Charter cities are semi-autonomous regions established by a country, granted special jurisdiction and distinct laws, such as commercial, regulatory, tax, and property rights laws. The model aims to foster governance innovation and attract capital to accelerate social development and economic growth on a small scale. Some examples are Próspera in Honduras, Shenzhen in China, and DIFC in Dubai.
While undeniably powerful, this approach is still slow and dependent on technologically progressive governments. Rolling these initiatives out requires substantial energy and time for convincing and reforming. For instance, it took +5 years just for Próspera to establish the necessary new laws to initiate the project.

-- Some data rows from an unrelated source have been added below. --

(* In the MAD-HTLC game described in the context, consider the last round, i.e. a subgame $G(T,s)$ for either $s\in\{\mathrm{red},\mathrm{irred}\}$. If $tx^{\mathrm{dep}}_{\mathcal{A}}$ and at least one of $tx^{\mathrm{dep}}_{\mathcal{B}}$ or $tx^{\mathrm{dc}}_{\mathcal{B}}$ have been published, then the miners' best-response strategy is not to include any of $\mathcal{A}$'s or $\mathcal{B}$'s transactions in this round.
   Context: Blockchain model: $n$ miners; miner $i$ has mining power $\lambda_i>0$, $\sum_i\lambda_i=1$. In each round exactly one miner is chosen, miner $i$ with probability $\lambda_i$, and creates a block containing one transaction of her choice, receiving its fee. An unrelated transaction offering the base fee $f$ is always available. Publishing a transaction reveals its contents (in particular preimages) to everyone. A contract can be redeemed by at most one confirmed transaction. All parties are rational and non-myopic, with utility the expected tokens owned at the end of the game. MAD-HTLC: preimages $pre_a,pre_b$ with digests $dig_a=H(pre_a)$, $dig_b=H(pre_b)$, chosen by $\mathcal{B}$; only $\mathcal{B}$ knows $pre_b$; $\mathcal{A}$ may know $pre_a$. Contracts initiated in block $b_j$ with timeout $T$: MH-Dep ($v^{\mathrm{dep}}$ tokens), redeemable via dep-A (signature of $\mathcal{A}$ and $pre_a$; any block), dep-B (signature of $\mathcal{B}$ and $pre_b$; only at least $T$ blocks after initiation), dep-M (both $pre_a,pre_b$; any block); MH-Col ($v^{\mathrm{col}}$ tokens), redeemable only at least $T$ blocks after initiation via col-B (signature of $\mathcal{B}$) or col-M (both $pre_a,pre_b$). Game: $T$ rounds creating $b_{j+1},\dots,b_{j+T}$; in each round $\mathcal{A},\mathcal{B}$ alternately publish transactions, then a random miner creates the block. Transactions: $tx^{\mathrm{dep}}_{\mathcal{A}}$ (MH-Dep via dep-A, fee $f<f^{\mathrm{dep}}_{\mathcal{A}}<v^{\mathrm{dep}}$); $tx^{\mathrm{dep}}_{\mathcal{B}}$ (MH-Dep via dep-B, fee $f<f^{\mathrm{dep}}_{\mathcal{B}}<v^{\mathrm{dep}}$); $tx^{\mathrm{col}}_{\mathcal{B}}$ (MH-Col via col-B, fee $f<f^{\mathrm{col}}_{\mathcal{B}}<v^{\mathrm{col}}$); $tx^{\mathrm{dc}}_{\mathcal{B}}$ (both, fee $f<f^{\mathrm{dc}}_{\mathcal{B}}<v^{\mathrm{dep}}+v^{\mathrm{col}}$). A miner may include an unrelated transaction (fee $f$), any currently valid published transaction, or, if both preimages were revealed by published transactions, her own transaction redeeming MH-Dep via dep-M (reward $v^{\mathrm{dep}}$, while MH-Dep is unredeemed), MH-Col via col-M (reward $v^{\mathrm{col}}$, last round only), or both (reward $v^{\mathrm{dep}}+v^{\mathrm{col}}$, last round, MH-Dep unredeemed). $G(k,s)$ denotes the subgame just before round $k\in[1,T]$ with MH-Dep redeemable ($s=\mathrm{red}$) or already redeemed ($s=\mathrm{irred}$). *)

theory Defs
  imports Complex_Main
begin

record params =
  base_fee :: real
  v_dep :: real
  v_col :: real
  fee_dep_A :: real
  fee_dep_B :: real
  fee_col_B :: real
  fee_dc_B :: real
  timeout :: nat

definition valid_params :: "params \<Rightarrow> bool" where
  "valid_params p \<longleftrightarrow>
     timeout p \<ge> 1 \<and>
     base_fee p < fee_dep_A p \<and> fee_dep_A p < v_dep p \<and>
     base_fee p < fee_dep_B p \<and> fee_dep_B p < v_dep p \<and>
     base_fee p < fee_col_B p \<and> fee_col_B p < v_col p \<and>
     base_fee p < fee_dc_B p \<and> fee_dc_B p < v_dep p + v_col p"

datatype tx = TxDepA | TxDepB | TxColB | TxDC

text \<open>State of MH-Dep: redeemable or already redeemed.\<close>
datatype depstate = Red | Irred

datatype action =
    Unrelated          \<comment> \<open>unrelated transaction with base fee f\<close>
  | Include tx
  | OwnDepM            \<comment> \<open>own tx redeeming MH-Dep via dep-M\<close>
  | OwnColM            \<comment> \<open>own tx redeeming MH-Col via col-M\<close>
  | OwnBoth            \<comment> \<open>own tx redeeming both via dep-M and col-M\<close>

fun tx_fee :: "params \<Rightarrow> tx \<Rightarrow> real" where
  "tx_fee p TxDepA = fee_dep_A p"
| "tx_fee p TxDepB = fee_dep_B p"
| "tx_fee p TxColB = fee_col_B p"
| "tx_fee p TxDC = fee_dc_B p"

fun reveals_pre_a :: "tx \<Rightarrow> bool" where
  "reveals_pre_a TxDepA = True"
| "reveals_pre_a _ = False"

fun reveals_pre_b :: "tx \<Rightarrow> bool" where
  "reveals_pre_b TxDepB = True"
| "reveals_pre_b TxDC = True"
| "reveals_pre_b _ = False"

definition both_revealed :: "tx set \<Rightarrow> bool" where
  "both_revealed P \<longleftrightarrow> (\<exists>t\<in>P. reveals_pre_a t) \<and> (\<exists>t\<in>P. reveals_pre_b t)"

text \<open>Validity of a published transaction in round k (creating block b_{j+k})
  given the state s of MH-Dep. dep-B and col-B require at least T blocks after
  initiation, i.e. k \<ge> T. MH-Col can only be redeemed at k \<ge> T, so before the
  last round it is unredeemed.\<close>
fun tx_valid :: "params \<Rightarrow> nat \<Rightarrow> depstate \<Rightarrow> tx \<Rightarrow> bool" where
  "tx_valid p k s TxDepA = (s = Red)"
| "tx_valid p k s TxDepB = (s = Red \<and> k \<ge> timeout p)"
| "tx_valid p k s TxColB = (k \<ge> timeout p)"
| "tx_valid p k s TxDC = (s = Red \<and> k \<ge> timeout p)"

fun available :: "params \<Rightarrow> nat \<Rightarrow> depstate \<Rightarrow> tx set \<Rightarrow> action \<Rightarrow> bool" where
  "available p k s P Unrelated = True"
| "available p k s P (Include t) = (t \<in> P \<and> tx_valid p k s t)"
| "available p k s P OwnDepM = (both_revealed P \<and> s = Red)"
| "available p k s P OwnColM = (both_revealed P \<and> k = timeout p)"
| "available p k s P OwnBoth = (both_revealed P \<and> k = timeout p \<and> s = Red)"

fun reward :: "params \<Rightarrow> action \<Rightarrow> real" where
  "reward p Unrelated = base_fee p"
| "reward p (Include t) = tx_fee p t"
| "reward p OwnDepM = v_dep p"
| "reward p OwnColM = v_col p"
| "reward p OwnBoth = v_dep p + v_col p"

text \<open>In the last round (k = T) the game ends after the block is created, so a
  miner's utility (expected tokens at the end of the game) from an action is
  her current holdings plus the reward of the block; the best responses are
  the available actions maximising this utility.\<close>
definition last_round_utility :: "params \<Rightarrow> real \<Rightarrow> action \<Rightarrow> real" where
  "last_round_utility p holdings a = holdings + reward p a"

definition best_response_last ::
  "params \<Rightarrow> depstate \<Rightarrow> tx set \<Rightarrow> real \<Rightarrow> action \<Rightarrow> bool" where
  "best_response_last p s P holdings a \<longleftrightarrow>
     available p (timeout p) s P a \<and>
     (\<forall>b. available p (timeout p) s P b \<longrightarrow>
            last_round_utility p holdings b \<le> last_round_utility p holdings a)"

end

theory Submission
  imports Defs
begin

text \<open>Since the miner's action set is finite, a best response always exists. Once both
  preimages are public, every valid transaction of A or B is strictly dominated in the
  last round by the miner's own transaction claiming the same contract(s) through the
  preimage paths, because each offered fee is below the value it unlocks.\<close>

lemma UNIV_tx: "(UNIV :: tx set) = {TxDepA, TxDepB, TxColB, TxDC}"
  using tx.exhaust by blast

lemma UNIV_action:
  "(UNIV :: action set) = {Unrelated, OwnDepM, OwnColM, OwnBoth} \<union> Include ` UNIV"
  using action.exhaust by blast

lemma finite_UNIV_action: "finite (UNIV :: action set)"
  by (simp add: UNIV_action UNIV_tx)

lemma best_response_last_exists: "\<exists>a. best_response_last p s P holdings a"
proof -
  let ?A = "{a. available p (timeout p) s P a}"
  have "finite ?A"
    using finite_UNIV_action by (rule finite_subset[rotated]) simp
  moreover have "Unrelated \<in> ?A"
    by simp
  ultimately have "Max (reward p ` ?A) \<in> reward p ` ?A"
    by (intro Max_in finite_imageI) blast+
  then obtain a where "a \<in> ?A" and "reward p a = Max (reward p ` ?A)"
    by auto
  moreover have "reward p b \<le> Max (reward p ` ?A)" if "b \<in> ?A" for b
    using \<open>finite ?A\<close> that by simp
  ultimately show ?thesis
    unfolding best_response_last_def last_round_utility_def by auto
qed

lemma both_revealed_if_published:
  assumes "TxDepA \<in> P" and "TxDepB \<in> P \<or> TxDC \<in> P"
  shows "both_revealed P"
  using assms unfolding both_revealed_def by force

lemma valid_tx_dominated_last:
  assumes "valid_params p" and "both_revealed P" and "tx_valid p (timeout p) s t"
  shows "\<exists>b. available p (timeout p) s P b \<and> tx_fee p t < reward p b"
proof (cases t)
  case TxDepA
  then show ?thesis using assms by (intro exI[of _ OwnDepM]) (auto simp: valid_params_def)
next
  case TxDepB
  then show ?thesis using assms by (intro exI[of _ OwnDepM]) (auto simp: valid_params_def)
next
  case TxColB
  then show ?thesis using assms by (intro exI[of _ OwnColM]) (auto simp: valid_params_def)
next
  case TxDC
  then show ?thesis using assms by (intro exI[of _ OwnBoth]) (auto simp: valid_params_def)
qed

lemma best_response_last_not_Include:
  assumes "valid_params p" and "both_revealed P"
    and "best_response_last p s P holdings a"
  shows "a \<noteq> Include t"
proof
  assume "a = Include t"
  with assms(3) have "tx_valid p (timeout p) s t"
    and "\<And>b. available p (timeout p) s P b \<Longrightarrow> reward p b \<le> tx_fee p t"
    unfolding best_response_last_def last_round_utility_def by auto
  with valid_tx_dominated_last[OF assms(1,2)] show False
    by force
qed

theorem lemma4:
  fixes p :: params and s :: depstate and P :: "tx set" and holdings :: real
  assumes "valid_params p"
    and "TxDepA \<in> P"
    and "TxDepB \<in> P \<or> TxDC \<in> P"
  shows "(\<exists>a. best_response_last p s P holdings a) \<and>
         (\<forall>a. best_response_last p s P holdings a \<longrightarrow> (\<forall>t. a \<noteq> Include t))"
  using best_response_last_exists
    best_response_last_not_Include[OF assms(1) both_revealed_if_published[OF assms(2,3)]]
  by blast

end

On the other hand, the Internet represents a completely new paradigm of innovation. It’s a genuinely uncharted frontier. It has enabled numerous successful experiments within Institutions, such as Media (Social Media), Education (MOOCs), and Currency (Cryptocurrencies). Moreover, in recent years, it has unlocked the rise of new types of communities, cities, and even countries, often referred to as Startup Societies.
These startups emerge as online collectives of like-minded individuals collaborating to drive innovation in specific aspects of the existing civic framework, such as Health Regulation, Public Architecture, and Governance.
Patri Friedman, a pioneer in governance competition, coined these initiatives as Sovereign Communities. They encompass a wide spectrum, ranging from co-living networks distributed across several pre-existing jurisdictions, such as Cabin City, which focuses on lifestyle innovation, to Network States, which are ambitious projects aiming to establish new diplomatic-recognized sovereign nations, such as Afropolitan and Praxis.
We have now entered an era where political change is no longer solely a function of voice. We have finally reached the technological and cultural point where we can establish new institutions from the ground up.
And, in the coming years, these new startups will demonstrate their best ability: to transform political scarcity into abundance.